I think that someone owes Harvard President Larry Summers an apology:

The human brain is composed of two types of tissue--gray matter and white matter. While men and women have about the same amount of gray matter and white matter, men appear to use more gray matter, while women use more white matter. Before we proceed further, it's important to note that while the two genders may think differently, this does not affect their intellectual performance or overall intelligence.
...
What is the difference between gray matter and white matter? Gray is central to processing information and plays a vital role in aiding skills such as mathematics, map-reading, and intellectual thought. White matter connects the brain's processing centers and is central to emotional thinking, use of language, and the ability to do more than one thing at once. Because women use less gray matter--critical to map-reading--they tend to have more difficulty with this skill than men.
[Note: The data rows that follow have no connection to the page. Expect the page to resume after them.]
lemma pauli_scale: "pauli n l (\<lambda>s'. c * Y s') s = c * pauli n l Y s"
  unfolding pauli_def by (simp add: algebra_simps)

lemma l2inner_sum_right:
  assumes "\<And>a. a \<in> A \<Longrightarrow> integrable lborel (\<lambda>k. \<Sum>i\<in>UNIV. cnj (V k $ i) * W a k $ i)"
  shows "l2inner V (\<lambda>k. \<chi> i. \<Sum>a\<in>A. c a * W a k $ i) = (\<Sum>a\<in>A. c a * l2inner V (W a))"
proof -
  have "l2inner V (\<lambda>k. \<chi> i. \<Sum>a\<in>A. c a * W a k $ i)
      = (\<integral>k. (\<Sum>a\<in>A. c a * (\<Sum>i\<in>UNIV. cnj (V k $ i) * W a k $ i)) \<partial>lborel)"
    unfolding l2inner_def by (simp add: sum_distrib_left sum.swap[of _ UNIV] mult_ac)
  also have "\<dots> = (\<Sum>a\<in>A. c a * l2inner V (W a))"
    unfolding l2inner_def using assms by (simp add: integral_sum)
  finally show ?thesis .
qed

lemma l2inner_Bfun_div_norm:
  "l2inner (Bfun \<phi> n y1) (\<lambda>k. \<chi> i. Bfun \<phi> m y2 k $ i / complex_of_real (norm k)) = Ajm \<phi> n m (y2 - y1)"
proof -
  have "l2inner (Bfun \<phi> n y1) (\<lambda>k. \<chi> i. Bfun \<phi> m y2 k $ i / complex_of_real (norm k))
      = (\<integral>k. complex_of_real (1 / (2 * pi) ^ 3) * Ajm_integrand \<phi> n m (y2 - y1) k \<partial>lborel)"
    unfolding l2inner_def sum_cnj_Bfun_mult_div_norm[symmetric]
    by (simp add: sum_divide_distrib)
  then show ?thesis
    unfolding Ajm_def by simp
qed

lemma Hph_inv_Hint_Emb:
  "snd (Hph_inv (Hint \<phi> x M (Emb X))) s k $ i =
     (\<Sum>l\<in>UNIV. \<Sum>m\<in>UNIV. complex_of_real (M l) / complex_of_real (sqrt 2)
        * (Bfun \<phi> m (x l) k $ i / complex_of_real (norm k)) * pauli m l X s)"
  unfolding Hph_inv_def Hint_def Emb_def segal_tensor_def
  by (simp add: sum_distrib_left sum_divide_distrib algebra_simps)

lemma Emb_adj_Hint:
  "Emb_adj (Hint \<phi> x M \<Psi>) s =
     (\<Sum>l\<in>UNIV. \<Sum>m\<in>UNIV. complex_of_real (M l) / complex_of_real (sqrt 2)
        * l2inner (Bfun \<phi> m (x l)) (\<lambda>k. \<chi> i. pauli m l (\<lambda>s'. snd \<Psi> s' k $ i) s))"
  unfolding Emb_adj_def Hint_def segal_tensor_def by simp

lemma l2inner_Bfun_lincomb:
  assumes "schwartz \<phi>"
  shows "l2inner (Bfun \<phi> n y) (\<lambda>k. \<chi> i. \<Sum>a\<in>A. c a * (Bfun \<phi> (m a) (z a) k $ i / complex_of_real (norm k)))
    = (\<Sum>a\<in>A. c a * Ajm \<phi> n (m a) (z a - y))"
proof -
  have "integrable lborel (\<lambda>k. \<Sum>i\<in>UNIV. cnj (Bfun \<phi> n y k $ i) * (\<chi> i. Bfun \<phi> (m a) (z a) k $ i / complex_of_real (norm k)) $ i)" for a
    using integrable_Ajm_integrand[OF assms]
    by (simp add: sum_divide_distrib[symmetric] sum_cnj_Bfun_mult_div_norm)
  then show ?thesis
    using l2inner_sum_right[where W = "\<lambda>a k. \<chi> i. Bfun \<phi> (m a) (z a) k $ i / complex_of_real (norm k)"]
    by (simp add: l2inner_Bfun_div_norm)
qed

lemma A_op_expand:
  assumes "schwartz \<phi>"
  shows "A_op \<phi> x M X s = - (1/2) * (\<Sum>\<mu>\<in>UNIV. \<Sum>n\<in>UNIV. \<Sum>l\<in>UNIV. \<Sum>m\<in>UNIV.
      complex_of_real (M \<mu> * M l) * Ajm \<phi> n m (x l - x \<mu>) * pauli n \<mu> (pauli m l X) s)"
proof -
  define c where "c l = complex_of_real (M l) / complex_of_real (sqrt 2)" for l
  have c_sq: "complex_of_real (M \<mu> * M l) = 2 * (c \<mu> * c l)" for \<mu> l
    unfolding c_def by (simp flip: of_real_mult)
  have inner: "l2inner (Bfun \<phi> n (x \<mu>)) (\<lambda>k. \<chi> i. pauli n \<mu> (\<lambda>s'. snd (Hph_inv (Hint \<phi> x M (Emb X))) s' k $ i) s)
      = (\<Sum>(l, m)\<in>UNIV. c l * pauli n \<mu> (pauli m l X) s * Ajm \<phi> n m (x l - x \<mu>))" for n \<mu>
  proof -
    have "l2inner (Bfun \<phi> n (x \<mu>)) (\<lambda>k. \<chi> i. pauli n \<mu> (\<lambda>s'. snd (Hph_inv (Hint \<phi> x M (Emb X))) s' k $ i) s)
        = l2inner (Bfun \<phi> n (x \<mu>)) (\<lambda>k. \<chi> i. \<Sum>(l, m)\<in>UNIV. (c l * pauli n \<mu> (pauli m l X) s)
            * (Bfun \<phi> m (x l) k $ i / complex_of_real (norm k)))"
      unfolding Hph_inv_Hint_Emb pauli_sum pauli_scale
      by (simp add: c_def sum.cartesian_product mult_ac)
    also have "\<dots> = (\<Sum>(l, m)\<in>UNIV. c l * pauli n \<mu> (pauli m l X) s * Ajm \<phi> n m (x l - x \<mu>))"
      using l2inner_Bfun_lincomb[OF assms, where m = snd and z = "x \<circ> fst"]
      by (simp add: case_prod_beta)
    finally show ?thesis .
  qed
  have "A_op \<phi> x M X s = - (\<Sum>\<mu>\<in>UNIV. \<Sum>n\<in>UNIV. c \<mu> *
      (\<Sum>(l, m)\<in>UNIV. c l * pauli n \<mu> (pauli m l X) s * Ajm \<phi> n m (x l - x \<mu>)))"
    unfolding A_op_def Emb_adj_Hint inner c_def by simp
  then show ?thesis
    unfolding c_sq UNIV_Times_UNIV[symmetric] sum.cartesian_product[symmetric]
    by (simp add: sum_distrib_left mult_ac sum_negf)
qed

lemma sum_swap_nested:
  "(\<Sum>a\<in>A. \<Sum>b\<in>B. \<Sum>c\<in>C. \<Sum>d\<in>D. f a b c d) = (\<Sum>c\<in>C. \<Sum>a\<in>A. \<Sum>d\<in>D. \<Sum>b\<in>B. f a b c d)"
proof -
  have "(\<Sum>a\<in>A. \<Sum>b\<in>B. \<Sum>c\<in>C. \<Sum>d\<in>D. f a b c d) = (\<Sum>a\<in>A. \<Sum>c\<in>C. \<Sum>b\<in>B. \<Sum>d\<in>D. f a b c d)"
    by (intro sum.cong refl sum.swap)
  also have "\<dots> = (\<Sum>c\<in>C. \<Sum>a\<in>A. \<Sum>b\<in>B. \<Sum>d\<in>D. f a b c d)"
    by (rule sum.swap)
  also have "\<dots> = (\<Sum>c\<in>C. \<Sum>a\<in>A. \<Sum>d\<in>D. \<Sum>b\<in>B. f a b c d)"
    by (intro sum.cong refl sum.swap)
  finally show ?thesis .
qed

theorem proposition3p1:
  fixes \<phi> :: "real \<Rightarrow> complex"
    and x :: "'p::finite \<Rightarrow> real^3"
    and M :: "'p \<Rightarrow> real"
    and X :: "'p spin"
  assumes "schwartz \<phi>"
  shows "(\<forall>l m. in_frak_h (Bfun \<phi> m (x l))) \<and>
         (\<forall>l m. integrable lborel (\<lambda>k. (norm (Bfun \<phi> m (x l) k) / norm k)\<^sup>2)) \<and>
         (\<forall>j m y. integrable lborel (Ajm_integrand \<phi> j m y)) \<and>
         A_op \<phi> x M X =
           (\<lambda>s. - (1/2) * (\<Sum>l\<in>UNIV. \<Sum>\<mu>\<in>UNIV. \<Sum>j\<in>UNIV. \<Sum>m\<in>UNIV.
                complex_of_real (M l * M \<mu>) * Ajm \<phi> j m (x \<mu> - x l) *
                pauli m \<mu> (pauli j l X) s))"
proof -
  have Ajm_swap: "Ajm \<phi> n m (x l - x \<mu>) = Ajm \<phi> m n (x \<mu> - x l)" for n m l \<mu>
    using Ajm_uminus[OF assms, of n m "x \<mu> - x l"] Ajm_commute[of \<phi> n m] by simp
  have "A_op \<phi> x M X s = - (1/2) * (\<Sum>l\<in>UNIV. \<Sum>\<mu>\<in>UNIV. \<Sum>j\<in>UNIV. \<Sum>m\<in>UNIV.
      complex_of_real (M l * M \<mu>) * Ajm \<phi> j m (x \<mu> - x l) * pauli m \<mu> (pauli j l X) s)" for s
    unfolding A_op_expand[OF assms]
    by (subst sum_swap_nested) (intro arg_cong2[where f = times] refl sum.cong, simp add: mult_ac, rule Ajm_swap)
  then show ?thesis
    using Bfun_in_frak_h[OF assms] integrable_norm_Bfun_div_norm_sq[OF assms]
      integrable_Ajm_integrand[OF assms]
    by blast
qed

end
"This may help explain why men tend to excel in tasks requiring more local processing, like mathematics and map-reading, while women tend to excel at integrating information from various brain regions, such as is required for language skills," co-study author and neuropsychologist Rex Jung of the University of New Mexico told the Daily Telegraph. "These two very different pathways and activity centers, however, result in equivalent overall performance on broad measures of cognitive ability, such as those found on intelligence tests."

(Emphasis mine)

Captain Ed has more.

As an aside, I can't read a map worth a damn.

But I'm all man, baby.

Oh yeah.

UPDATE: The backlash begins:

I was just over at INDC Journal, and Bill has the audacity to claim that men use more "gray matter" than women! I just think this is a horribly sexist thing to say and all women should begin an immediate boycott of all things Bill!

Thanks for dredging up those cherished high school memories.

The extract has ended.